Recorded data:
════════════════════
(* Let $\beta_1\in(0,1)$, $\beta_0=1-\beta_1$, $\rho\in(0,1)$, $\theta\in(0,1)$, $\lambda\ge 0$, $N_0>0$, and assume $$N_0\le \frac{\lambda(1-\rho)(1-\beta_1\theta)^2}{\rho\,\theta^2}.$$ For $s\in[0,1]$ let $$\bar m_1(s)=\tfrac{\beta_0\beta_1(1-\rho)s}{\rho+\beta_1 s(1-\rho)},\ \bar m_2(s)=\tfrac{\beta_0\rho}{\rho+\beta_1 s(1-\rho)},\ \bar m_3(s)=\tfrac{\beta_1^2(1-\rho)s}{\rho+\beta_1 s(1-\rho)},\ \bar m_4(s)=\tfrac{\beta_1\rho}{\rho+\beta_1 s(1-\rho)},$$ $$E(s)=\frac{\theta N_0\, s}{1-\theta \bar m_4(s)}+\lambda\big(\bar m_2(s)+\bar m_4(s)\big),$$ and define $$N_0^0=\frac{\lambda\beta_1(1-\rho)(1-\theta\beta_1)}{\rho\theta},\qquad N_0^1=\frac{\lambda\beta_1(1-\rho)\rho\,\dfrac{(\rho+\beta_1-\beta_1\rho(1+\theta))^2}{(\beta_1+\rho-\beta_1\rho)^2}}{\theta\big(2\beta_1(1-\rho)\rho(1-\theta\beta_1)+\rho^2(1-\theta\beta_1)+\beta_1^2(1-\rho)^2\big)}.$$ Let $s_4^*$ denote the optimal equilibrium control, i.e. a minimizer of $E$ over $[0,1]$, and $\vec m^*=(\bar m_1(s_4^* ),\dots,\bar m_4(s_4^* ))$. Then: (i) if $N_0\ge N_0^0$, then $s_4^*=0$ and $\vec m^*=(0,\beta_0,0,\beta_1)$; (ii) if $N_0\le N_0^1$, then $s_4^*=1$ and $$m_1^*=\tfrac{\beta_0\beta_1(1-\rho)}{\beta_1(1-\rho)+\rho},\ m_2^*=\tfrac{\beta_0\rho}{\rho+\beta_1(1-\rho)},\ m_3^*=\tfrac{\beta_1^2(1-\rho)}{\rho+\beta_1(1-\rho)},\ m_4^*=\tfrac{\beta_1\rho}{\rho+\beta_1(1-\rho)};$$ (iii) if $N_0^1<N_0<N_0^0$, then $s_4^*\in(0,1)$, and with $m_4^*=\bar m_4(s_4^* )$, $$N_0=\frac{\lambda(1-\rho)(m_4^* )^2(1-\theta m_4^* )^2}{\theta\rho\big(\theta m_4^*(m_4^*-2\beta_1)+\beta_1\big)}.$$
   Context: Mean-field model of a dense wireless network with two channel states (BAD with probability $\beta_0$, GOOD with probability $\beta_1$, i.i.d. over slots), packet arrival probability $\rho$ per slot, buffer size one, SINR decoding threshold $\theta<1$, noise power $N_0$, and weight $\lambda$ on queue length. The population is described by the fractions $m_1,\dots,m_4$ of users in states (BAD, empty), (BAD, one packet), (GOOD, empty), (GOOD, one packet). Only users in state (GOOD, one packet) may be scheduled; $s\in[0,1]$ is the fraction of them that transmit. For a constant control $s$, $(\bar m_1(s),\dots,\bar m_4(s))$ is the equilibrium of the fluid dynamics and $E(s)$ the equilibrium average cost. *)

theory Defs
  imports Complex_Main
begin

definition denom :: "real \<Rightarrow> real \<Rightarrow> real \<Rightarrow> real" where
  "denom b1 rho s = rho + b1 * s * (1 - rho)"

definition mbar1 :: "real \<Rightarrow> real \<Rightarrow> real \<Rightarrow> real" where
  "mbar1 b1 rho s = (1 - b1) * b1 * (1 - rho) * s / denom b1 rho s"

definition mbar2 :: "real \<Rightarrow> real \<Rightarrow> real \<Rightarrow> real" where
  "mbar2 b1 rho s = (1 - b1) * rho / denom b1 rho s"

definition mbar3 :: "real \<Rightarrow> real \<Rightarrow> real \<Rightarrow> real" where
  "mbar3 b1 rho s = b1\<^sup>2 * (1 - rho) * s / denom b1 rho s"

definition mbar4 :: "real \<Rightarrow> real \<Rightarrow> real \<Rightarrow> real" where
  "mbar4 b1 rho s = b1 * rho / denom b1 rho s"

definition Ecost :: "real \<Rightarrow> real \<Rightarrow> real \<Rightarrow> real \<Rightarrow> real \<Rightarrow> real \<Rightarrow> real" where
  "Ecost b1 rho theta lam N0 s =
     theta * N0 * s / (1 - theta * mbar4 b1 rho s) + lam * (mbar2 b1 rho s + mbar4 b1 rho s)"

definition N0_0 :: "real \<Rightarrow> real \<Rightarrow> real \<Rightarrow> real \<Rightarrow> real" where
  "N0_0 b1 rho theta lam = lam * b1 * (1 - rho) * (1 - theta * b1) / (rho * theta)"

definition N0_1 :: "real \<Rightarrow> real \<Rightarrow> real \<Rightarrow> real \<Rightarrow> real" where
  "N0_1 b1 rho theta lam =
     (lam * b1 * (1 - rho) * rho *
        ((rho + b1 - b1 * rho * (1 + theta))\<^sup>2 / (b1 + rho - b1 * rho)\<^sup>2))
     / (theta * (2 * b1 * (1 - rho) * rho * (1 - theta * b1) + rho\<^sup>2 * (1 - theta * b1)
                 + b1\<^sup>2 * (1 - rho)\<^sup>2))"

end

theory Submission
  imports Defs
begin

text \<open>Write d = denom b1 rho s and c = theta * b1 * rho, so that theta * mbar4 = c / d. Then
  E(s) = theta * N0 * s * d / (d - c) + lam * rho / d, and E'(s) is a positive multiple of
  N0 - N0_crit d. Under the hypothesis on N0 the threshold N0_crit crosses the level N0 at most
  once, and from above: for rho \<le> d < 2c it exceeds the admissible bound on N0, and for
  d \<ge> max rho (2c) it is strictly decreasing. Hence E is increasing on [0,1] when
  N0 \<ge> N0_crit rho = N0_0, decreasing when N0 \<le> N0_crit (denom 1) = N0_1, and otherwise its
  minimiser is interior with E' = 0 there, i.e. N0 = N0_crit d, which in terms of
  mbar4 = b1 * rho / d is the stated equation.\<close>

lemma quartic_less_of_lt_twice:
  fixes c r d :: real
  assumes "0 < c" "c < r" "r \<le> d" "d < 2 * c"
  shows "(r - c)\<^sup>2 * d\<^sup>2 * ((d - c)\<^sup>2 + c * (r - c)) < c * r ^ 3 * (d - c)\<^sup>2"
proof -
  have "c * r ^ 3 * (d - c)\<^sup>2 - (r - c)\<^sup>2 * d\<^sup>2 * ((d - c)\<^sup>2 + c * (r - c))
      = r ^ 3 * (d - c)\<^sup>2 * (2 * c - d)
        + (d - r) * ((2 * c - d) * (r - c)\<^sup>2 * d\<^sup>2 + r * c * (r - c) * d * (d - c)
                     + r\<^sup>2 * c * (d - c)\<^sup>2)"
    by (simp add: algebra_simps power2_eq_square power3_eq_cube)
  moreover have "0 < r ^ 3 * (d - c)\<^sup>2 * (2 * c - d)"
    using assms by simp
  moreover have "0 \<le> (d - r) * ((2 * c - d) * (r - c)\<^sup>2 * d\<^sup>2 + r * c * (r - c) * d * (d - c)
                     + r\<^sup>2 * c * (d - c)\<^sup>2)"
    using assms by (intro mult_nonneg_nonneg add_nonneg_nonneg) auto
  ultimately show ?thesis by linarith
qed

locale channel_params =
  fixes b1 rho theta lam :: real
  assumes b1_pos: "0 < b1" and b1_less_1: "b1 < 1"
    and rho_pos: "0 < rho" and rho_less_1: "rho < 1"
    and theta_pos: "0 < theta" and theta_less_1: "theta < 1"
    and lam_pos: "0 < lam"
begin

definition c :: real where "c = theta * b1 * rho"

definition Q :: "real \<Rightarrow> real" where "Q d = d\<^sup>2 - 2 * c * d + c * rho"

definition N0_crit :: "real \<Rightarrow> real" where
  "N0_crit d = b1 * (1 - rho) * lam * rho * (d - c)\<^sup>2 / (theta * d\<^sup>2 * Q d)"

definition N0_bound :: real where
  "N0_bound = lam * (1 - rho) * (1 - b1 * theta)\<^sup>2 / (rho * theta\<^sup>2)"

lemma c_pos: "0 < c"
  using b1_pos rho_pos theta_pos by (simp add: c_def)

lemma c_less_rho: "c < rho"
proof -
  have "theta * b1 < b1"
    using b1_pos theta_less_1 by simp
  then have "theta * b1 < 1"
    using b1_less_1 by linarith
  then show ?thesis
    using rho_pos by (simp add: c_def)
qed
════════════════════
Problem: Using the records above, say how many lines contain the word "when". Write the number alone.

Written solution: 2